Frequency distribution of survey questions. Total number of survey respondents = 9.
Survey questions.
Some of the students’ comments from this survey are also presented in Table 4. They again highlight the importance of the proposed pedagogical technique in helping students develop probabilistic intuition and a deeper understanding of this esoteric subject.
Students’ comments.
Conclusion and future work
Probability and random processes, an important prerequisite for areas of electrical engineering such as communications, controls, signal processing, and networking, is generally considered a conceptually difficult and unintuitive subject by ECE undergraduates. 1 There are numerous reasons for the difficulty encountered by the students while learning this subject. First, due to our physical scale, how we have evolved, and how we observe the physical world with our naked eye, our brains are not wired to intuitively understand the probabilistic phenomena.3,4 For a long time, this subject has been taught in a very abstract manner with more emphasis on theory than on applications. Modern simulation and visualization tools such as MATLAB® are not often utilized to provide an alternative way of grasping this abstract subject. This paper presents an intuitive, application-based, simulation-driven pedagogical approach to teaching probability and random processes to ECE undergraduates. Some of the highlights of the proposed pedagogical approach entail introducing abstract probabilistic concepts using real-world applications of probability in ECE; extensive, tightly integrated, interactive MATLAB® simulations to build probabilistic intuition; use of relative frequency approach in simulations to complement the axiomatic approach; and modeling and analysis of optimal engineering systems design problems in the presence of uncertainty highlighting the design tradeoffs and their impact on the system performance. The proposed pedagogical approach was implemented during the course of a semester, and data were collected to ascertain the efficacy of this approach by comparing the performance of the treatment group with a control group. The statistical tests employed to measure the efficacy of this approach provide sufficient evidence toward the effectiveness of this approach. In addition, the student survey data provide another validation of the effectiveness of the proposed pedagogical technique.
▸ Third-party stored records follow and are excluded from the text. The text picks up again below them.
lemma finite_real_set_gap:
  fixes S :: "real set"
  assumes "finite S"
  shows "\<exists>g>0. \<forall>a\<in>S. \<forall>b\<in>S. a < b \<longrightarrow> a + g \<le> b"
proof -
  define G where "G = (\<lambda>(a, b). b - a) ` {(a, b) \<in> S \<times> S. a < b}"
  have "finite G"
    unfolding G_def using assms by (auto intro: finite_subset[of _ "S \<times> S"])
  then have "Min (insert 1 G) > 0"
    by (subst Min_gr_iff) (auto simp: G_def)
  moreover have "a + Min (insert 1 G) \<le> b" if "a \<in> S" "b \<in> S" "a < b" for a b
  proof -
    have "b - a \<in> G"
      using that unfolding G_def by (intro image_eqI[of _ _ "(a, b)"]) auto
    then have "Min (insert 1 G) \<le> b - a"
      using \<open>finite G\<close> by (intro Min_le) auto
    then show ?thesis by simp
  qed
  ultimately show ?thesis by blast
qed

lemma Dapp_values_separated:
  "\<exists>g>0. \<forall>a b. int_pt a \<and> int_pt b \<and> \<bar>fst a\<bar> \<le> Q \<and> \<bar>fst b\<bar> \<le> Q \<and>
     Dapp u a \<le> M \<and> Dapp u a < Dapp u b \<longrightarrow> Dapp u a + g \<le> Dapp u b"
proof -
  \<comment> \<open>Values above M + 1 exceed every value \<le> M by 1, so only the finite set T matters.\<close>
  define T where "T = {\<eta>. int_pt \<eta> \<and> \<bar>fst \<eta>\<bar> \<le> Q \<and> Dapp u \<eta> \<le> M + 1}"
  have "finite (Dapp u ` T)"
    unfolding T_def by (intro finite_imageI finite_int_pt_fst_Dapp_le)
  then obtain g where "g > 0" and g: "\<forall>x\<in>Dapp u ` T. \<forall>y\<in>Dapp u ` T. x < y \<longrightarrow> x + g \<le> y"
    using finite_real_set_gap by blast
  have "Dapp u a + min g 1 \<le> Dapp u b"
    if "int_pt a" "int_pt b" "\<bar>fst a\<bar> \<le> Q" "\<bar>fst b\<bar> \<le> Q" "Dapp u a \<le> M" "Dapp u a < Dapp u b" for a b
  proof (cases "Dapp u b \<le> M + 1")
    case True
    then have "a \<in> T" "b \<in> T" using that by (auto simp: T_def)
    then have "Dapp u a + g \<le> Dapp u b" using g that(6) by (meson imageI)
    then show ?thesis by linarith
  next
    case False
    then show ?thesis using that(5) by linarith
  qed
  moreover have "min g 1 > 0" using \<open>g > 0\<close> by simp
  ultimately show ?thesis by blast
qed

lemma Dapp_order_stable_near_ray:
  assumes "fst u > 0"
  shows "\<exists>\<epsilon>>0. \<forall>v. fst v > 0 \<and> ray_angle v u < \<epsilon> \<longrightarrow>
    (\<forall>a b. int_pt a \<and> int_pt b \<and> \<bar>fst a\<bar> \<le> Q \<and> \<bar>fst b\<bar> \<le> Q \<and>
       Dapp u a \<le> M \<and> Dapp u a < Dapp u b \<longrightarrow> Dapp v a < Dapp v b)"
proof -
  obtain g where "g > 0" and g: "\<And>a b. int_pt a \<Longrightarrow> int_pt b \<Longrightarrow> \<bar>fst a\<bar> \<le> Q \<Longrightarrow> \<bar>fst b\<bar> \<le> Q \<Longrightarrow>
      Dapp u a \<le> M \<Longrightarrow> Dapp u a < Dapp u b \<Longrightarrow> Dapp u a + g \<le> Dapp u b"
    using Dapp_values_separated by blast
  have "g / (2 * (\<bar>Q\<bar> + 1)) > 0" using \<open>g > 0\<close> by simp
  then obtain \<epsilon> where "\<epsilon> > 0" and \<epsilon>: "\<And>v. fst v > 0 \<Longrightarrow> ray_angle v u < \<epsilon> \<Longrightarrow>
      norm (ray_beta v - ray_beta u) < g / (2 * (\<bar>Q\<bar> + 1))"
    using ray_beta_close_of_small_angle[OF assms] by blast
  have close: "\<bar>Dapp v \<eta> - Dapp u \<eta>\<bar> < g / 2"
    if "fst v > 0" "ray_angle v u < \<epsilon>" "\<bar>fst \<eta>\<bar> \<le> Q" for v \<eta>
  proof -
    have "\<bar>Dapp v \<eta> - Dapp u \<eta>\<bar> \<le> \<bar>fst \<eta>\<bar> * norm (ray_beta v - ray_beta u)"
      by (rule abs_Dapp_diff_le)
    also have "\<dots> \<le> (\<bar>Q\<bar> + 1) * norm (ray_beta v - ray_beta u)"
      using that(3) by (intro mult_right_mono) auto
    also have "\<dots> < (\<bar>Q\<bar> + 1) * (g / (2 * (\<bar>Q\<bar> + 1)))"
      using \<epsilon>[OF that(1,2)] by (intro mult_strict_left_mono) auto
    also have "\<dots> = g / 2"
      using abs_ge_zero[of Q] by (simp add: field_simps)
    finally show ?thesis .
  qed
  show ?thesis
  proof (intro exI[of _ \<epsilon>] conjI allI impI \<open>\<epsilon> > 0\<close>)
    fix v a b
    assume "0 < fst v \<and> ray_angle v u < \<epsilon>"
      and "int_pt a \<and> int_pt b \<and> \<bar>fst a\<bar> \<le> Q \<and> \<bar>fst b\<bar> \<le> Q \<and> Dapp u a \<le> M \<and> Dapp u a < Dapp u b"
    then have "Dapp u a + g \<le> Dapp u b" "\<bar>Dapp v a - Dapp u a\<bar> < g / 2" "\<bar>Dapp v b - Dapp u b\<bar> < g / 2"
      using g close by blast+
    then show "Dapp v a < Dapp v b" unfolding abs_less_iff by linarith
  qed
qed

lemma best_approx_Dapp_less:
  "best_approx u \<xi> \<Longrightarrow> int_pt \<eta> \<Longrightarrow> 1 \<le> fst \<eta> \<Longrightarrow> fst \<eta> \<le> fst \<xi> \<Longrightarrow> \<eta> \<noteq> \<xi> \<Longrightarrow>
    Dapp u \<xi> < Dapp u \<eta>"
  unfolding best_approx_def by blast

lemma best_approx_Dapp_le_Dapp_one:
  assumes "best_approx u \<xi>"
  shows "Dapp u \<xi> \<le> Dapp u (1, 0)"
proof (cases "\<xi> = (1, 0)")
  case False
  have "int_pt (1 :: real, 0 :: real^'n)" "1 \<le> fst \<xi>"
    using assms by (simp_all add: int_pt_def best_approx_def)
  then have "Dapp u \<xi> < Dapp u (1, 0)"
    using False by (intro best_approx_Dapp_less[OF assms]) auto
  then show ?thesis by simp
qed simp

lemma best_approx_if_Dapp_less_preserved:
  assumes "best_approx u \<xi>"
    and "\<And>\<eta>. int_pt \<eta> \<Longrightarrow> 1 \<le> fst \<eta> \<Longrightarrow> fst \<eta> \<le> fst \<xi> \<Longrightarrow> Dapp u \<xi> < Dapp u \<eta> \<Longrightarrow>
      Dapp v \<xi> < Dapp v \<eta>"
  shows "best_approx v \<xi>"
  using assms best_approx_Dapp_less[OF assms(1)] unfolding best_approx_def by blast

lemma best_approx_fst_le_of_Dapp_eq_0:
  assumes "best_approx u \<xi>" "int_pt \<eta>" "1 \<le> fst \<eta>" "Dapp u \<eta> = 0"
  shows "fst \<xi> \<le> fst \<eta>"
proof (rule ccontr)
  assume "\<not> fst \<xi> \<le> fst \<eta>"
  then have "fst \<eta> \<le> fst \<xi>" "\<eta> \<noteq> \<xi>" by auto
  then have "Dapp u \<xi> < Dapp u \<eta>"
    using assms(1-3) by (intro best_approx_Dapp_less)
  then show False
    using assms(4) Dapp_nonneg[of u \<xi>] by simp
qed

theorem lemma2p1:
  fixes \<pi> :: "(real \<times> (real^'n)) set" and \<zeta> \<zeta>\<tau> :: "real \<times> (real^'n)"
  assumes "absolutely_rational \<pi>"
    and "dim \<pi> \<ge> 2"
    and "int_pt \<zeta>" and "\<zeta> \<in> \<pi>" and "fst \<zeta> > 0"
    and "best_approx \<zeta> \<zeta>"
    and "best_approx \<zeta> \<zeta>\<tau>" and "fst \<zeta>\<tau> \<le> fst \<zeta>"
    and "\<forall>\<xi>. best_approx \<zeta> \<xi> \<and> fst \<zeta>\<tau> \<le> fst \<xi> \<and> fst \<xi> \<le> fst \<zeta> \<longrightarrow> \<xi> \<in> \<pi>"
    and "\<forall>\<xi>. int_pt \<xi> \<and> \<xi> \<notin> \<pi> \<longrightarrow> Dapp \<zeta> \<zeta>\<tau> < Dapp \<zeta> \<xi>"
  shows "\<exists>\<epsilon>>0. \<forall>v. fst v > 0 \<and> ray_angle v \<zeta> < \<epsilon> \<longrightarrow>
           {\<xi>. best_approx \<zeta> \<xi>} \<subseteq> {\<xi>. best_approx v \<xi>} \<and>
           (\<forall>\<xi>. best_approx v \<xi> \<and> fst \<zeta>\<tau> \<le> fst \<xi> \<and> fst \<xi> \<le> fst \<zeta> \<longrightarrow> \<xi> \<in> \<pi>)"
proof -
  define M where "M = Dapp \<zeta> (1, 0)"
  have best_bounds: "1 \<le> fst \<xi> \<and> fst \<xi> \<le> fst \<zeta> \<and> Dapp \<zeta> \<xi> \<le> M" if "best_approx \<zeta> \<xi>" for \<xi>
    using that best_approx_Dapp_le_Dapp_one[OF that] assms(3,5,6) Dapp_self[of \<zeta>]
      best_approx_fst_le_of_Dapp_eq_0[OF that assms(3)]
    unfolding M_def best_approx_def by auto
  obtain \<epsilon> where "\<epsilon> > 0" and stable: "\<And>v a b. fst v > 0 \<and> ray_angle v \<zeta> < \<epsilon> \<Longrightarrow>
      int_pt a \<and> int_pt b \<and> \<bar>fst a\<bar> \<le> fst \<zeta> \<and> \<bar>fst b\<bar> \<le> fst \<zeta> \<and>
      Dapp \<zeta> a \<le> M \<and> Dapp \<zeta> a < Dapp \<zeta> b \<Longrightarrow> Dapp v a < Dapp v b"
    using Dapp_order_stable_near_ray[OF assms(5), of "fst \<zeta>" M] by blast
  have \<zeta>\<tau>: "int_pt \<zeta>\<tau>" "1 \<le> fst \<zeta>\<tau>" "\<zeta>\<tau> \<in> \<pi>"
    using assms(7-9) unfolding best_approx_def by blast+
  show ?thesis
  proof (intro exI[of _ \<epsilon>] conjI allI impI subsetI \<open>\<epsilon> > 0\<close>)
    fix v \<xi>
    assume v: "0 < fst v \<and> ray_angle v \<zeta> < \<epsilon>" and "\<xi> \<in> {\<xi>. best_approx \<zeta> \<xi>}"
    then have \<xi>: "best_approx \<zeta> \<xi>" by simp
    show "\<xi> \<in> {\<xi>. best_approx v \<xi>}"
      using best_bounds[OF \<xi>] \<xi>
      by (auto intro!: best_approx_if_Dapp_less_preserved stable[OF v] simp: best_approx_def)
  next
    fix v \<xi>
    assume v: "0 < fst v \<and> ray_angle v \<zeta> < \<epsilon>"
      and \<xi>: "best_approx v \<xi> \<and> fst \<zeta>\<tau> \<le> fst \<xi> \<and> fst \<xi> \<le> fst \<zeta>"
    then have "int_pt \<xi>" by (simp add: best_approx_def)
    show "\<xi> \<in> \<pi>"
    proof (rule ccontr)
      assume "\<xi> \<notin> \<pi>"
      then have "Dapp \<zeta> \<zeta>\<tau> < Dapp \<zeta> \<xi>"
        using assms(10) \<open>int_pt \<xi>\<close> by blast
      then have "Dapp v \<zeta>\<tau> < Dapp v \<xi>"
        using best_bounds[OF assms(7)] \<xi> \<zeta>\<tau> \<open>int_pt \<xi>\<close> by (intro stable[OF v]) auto
      moreover have "Dapp v \<xi> < Dapp v \<zeta>\<tau>"
        using \<xi> \<zeta>\<tau> \<open>\<xi> \<notin> \<pi>\<close> by (intro best_approx_Dapp_less) auto
      ultimately show False by simp
    qed
  qed
qed

end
In the future, we intend to extend the proposed pedagogical technique to other courses in the ECE curriculum and measure its efficacy with a larger sample size.
Footnotes
Author's Note
Waseem Sheikh is now affiliated with the CSET Department, Oregon Institute of Technology, 3201 Campus Dr, Klamath Falls, OR 97601, USA. Email: waseem.sheikh@oit.edu
Declaration of Conflicting Interests
The author declared no potential conflicts of interest with respect to the research, authorship, and/or publication of this article.
Funding
The author received no financial support for the research, authorship, and/or publication of this article.